On Mon, Nov 13, 2023 at 6:16 PM <lizhe.67@xxxxxxxxxxxxx> wrote:
>
> From: Li Zhe <lizhe.67@xxxxxxxxxxxxx>
>
> If multiple CPUs trigger softlockup at the same time, the softlockup's
> logs will appear staggeredly in dmesg, which will affect the viewing of
> the logs for developer. Since the code path for outputting softlockup logs
> is not a kernel hotspot and the performance requirements for the code
> are not strict, locks are used to serialize the softlockup log output
> to improve the readability of the logs.
>
> Signed-off-by: Li Zhe <lizhe.67@xxxxxxxxxxxxx>
> ---
> kernel/watchdog.c | 3 +++
> 1 file changed, 3 insertions(+)

This seems reasonable to me.

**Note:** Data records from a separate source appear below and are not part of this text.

lemma part_cells_row1: "p \<noteq> [] \<Longrightarrow> (1, j) \<in> part_cells p \<longleftrightarrow> 1 \<le> j \<and> j \<le> p ! 0"
  by (cases p) (auto simp: part_cells_def)

lemma first_part_eq_if_same_row1:
  assumes la: "is_partition la" and mu: "is_partition mu" and sub: "part_cells la \<subseteq> part_cells mu"
    and above: "\<And>x. x \<in> part_cells mu - part_cells la \<Longrightarrow> 2 \<le> fst x"
  shows "first_part la = first_part mu"
proof -
  have row1: "(1, j) \<in> part_cells mu \<longleftrightarrow> (1, j) \<in> part_cells la" for j
    using sub above[of "(1, j)"] by auto
  show ?thesis
  proof (cases "mu = []")
    case True
    then show ?thesis using sub by (cases la) (auto simp: first_part_def part_cells_def)
  next
    case False
    have "(1, mu ! 0) \<in> part_cells mu" using part_cells_row1[OF False] partition_pos[OF mu, of 0] False by simp
    then have "la \<noteq> []" using row1 by (auto simp: part_cells_def)
    then show ?thesis
      using row1[of "mu ! 0"] row1[of "la ! 0"] part_cells_row1 partition_pos[OF mu] partition_pos[OF la] False
      by (cases la; cases mu) (auto simp: first_part_def)
  qed
qed

theorem proposition3p37:
  fixes la :: "nat list" and T :: tab
  assumes "is_partition la"
      and "is_HVT T"
      and "shape T = la"
  shows "(\<forall>i < leg_excess T.
            (\<exists>d \<ge> 1. V_stop (fst (uc T i)) d)
          \<and> cells (fst (uc T i)) \<subseteq> cells (fst (uc T (Suc i)))
          \<and> card (cells (fst (uc T (Suc i))) - cells (fst (uc T i))) = 1)
       \<and> (\<exists>mu. is_MVT (UP T) \<and> shape (UP T) = mu \<and> part_cells la \<subseteq> part_cells mu
              \<and> flagged_increasing (UQ T) la mu)"
proof -
  note H = assms(2)
  let ?mu = "shape (UP T)"
  have steps: "(\<exists>d \<ge> 1. V_stop (uc_P T i) d) \<and> cells (uc_P T i) \<subseteq> cells (uc_P T (Suc i))
      \<and> card (cells (uc_P T (Suc i)) - cells (uc_P T i)) = 1" if "i < leg_excess T" for i
    using uc_step[OF H that] by (auto simp: insert_Diff_if)
  have UP: "is_HVT (UP T)" "is_MVT (UP T)" using uc_HVT[OF H] by (simp_all add: UP_def is_MVT_def)
  have cells: "part_cells la = cells T" "part_cells ?mu = cells (UP T)"
    using assms(3) by (simp_all add: cells_def)
  have sub: "part_cells la \<subseteq> part_cells ?mu" using uc_cells_mono[OF H, of 0] cells by (simp add: UP_def)
  have mu: "is_partition ?mu" using HVT_partition[OF UP(1)] .
  have "2 \<le> fst x" if "x \<in> part_cells ?mu - part_cells la" for x
    using UQ_flagged[OF H, of "fst x" "snd x"] that cells by auto
  then have "first_part la = first_part ?mu" by (rule first_part_eq_if_same_row1[OF assms(1) mu sub])
  then have "flagged_increasing (UQ T) la ?mu"
    unfolding flagged_increasing_def cells
    using assms(1) mu sub cells UQ_flagged[OF H] UQ_row_strict[OF H] UQ_col_strict[OF H] by auto
  then show ?thesis using steps UP(2) sub by blast
qed

end
text \<open>
  Let \<open>I\<close> be a nonzero ideal with \<open>I\<^sup>2 = 0\<close> on which \<open>\<tau>(1 + _)\<close> is trivial; non-primitivity
  of \<open>\<tau>\<close> provides one, generated by a nonzero element of the conductor annihilated by \<open>M\<close>.
  For \<open>x \<in> I\<close> the substitution \<open>u \<mapsto> u(1 + x)\<close> permutes \<open>R\<^sup>\<times>\<close>, fixes \<open>\<tau>(u)\<close>, and, since
  \<open>(1 + x)\<^sup>-\<^sup>1 = 1 - x\<close>, multiplies \<open>\<psi>(u + a u\<^sup>-\<^sup>1)\<close> by \<open>\<psi>((u - a u\<^sup>-\<^sup>1) x)\<close>. Averaging over
  \<open>x \<in> I\<close> therefore makes \<open>K\<^sub>\<tau>(a)\<close> vanish as soon as every \<open>u - a u\<^sup>-\<^sup>1\<close> is a unit, because
  \<open>x \<mapsto> \<psi>(c x)\<close> is a nontrivial character of \<open>I\<close> for a unit \<open>c\<close>. This holds when \<open>a \<in> M\<close>;
  and if \<open>u - a u\<^sup>-\<^sup>1 \<in> M\<close> for a unit \<open>a\<close>, then \<open>a \<equiv> u\<^sup>2\<close> mod \<open>M\<close>, which Newton's iteration
  lifts to \<open>a = v\<^sup>2\<close> when \<open>2\<close> is invertible, \<open>M\<close> being nil.
\<close>

lemma unit_inv_eq:
  fixes u v :: "'a::comm_ring_1"
  assumes "u * v = 1"
  shows "unit_inv u = v"
  unfolding unit_inv_def
proof (rule the_equality)
  show "u * v = 1" by fact
  fix w assume "u * w = 1"
  then have "w = w * (u * v)" using assms by simp
  also have "\<dots> = (u * w) * v" by (simp add: algebra_simps)
  finally show "w = v" using \<open>u * w = 1\<close> by simp
qed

It might be interesting to talk about in
your commit message how this interacts with the various options. From
code inspection, I believe:

* If `softlockup_all_cpu_backtrace` then this is a no-op since other
CPUs will be prevented from running the printing code while one is
already printing.

* I'm not 100% sure what happens if `softlockup_panic` is set and I
haven't sat down to test this myself. Will one CPUs panic message
interleave the other CPUs traces. I guess in the end both CPUs will
call panic()? Maybe you could experiment and describe the behavior in
your commit message?


> diff --git a/kernel/watchdog.c b/kernel/watchdog.c
> index 5cd6d4e26915..8324ac194d0a 100644
> --- a/kernel/watchdog.c
> +++ b/kernel/watchdog.c
> @@ -448,6 +448,7 @@ static enum hrtimer_restart watchdog_timer_fn(struct hrtimer *hrtimer)
> struct pt_regs *regs = get_irq_regs();
> int duration;
> int softlockup_all_cpu_backtrace = sysctl_softlockup_all_cpu_backtrace;
> + static DEFINE_SPINLOCK(watchdog_timer_lock);

I'd be tempted to define this outside the scope of this function. I
need to dig more, but I'm pretty sure I've seen cases where a soft
lockup could trigger while I was trying to print traces for a
hardlockup, so it might be useful to grab the same spinlock in both
places...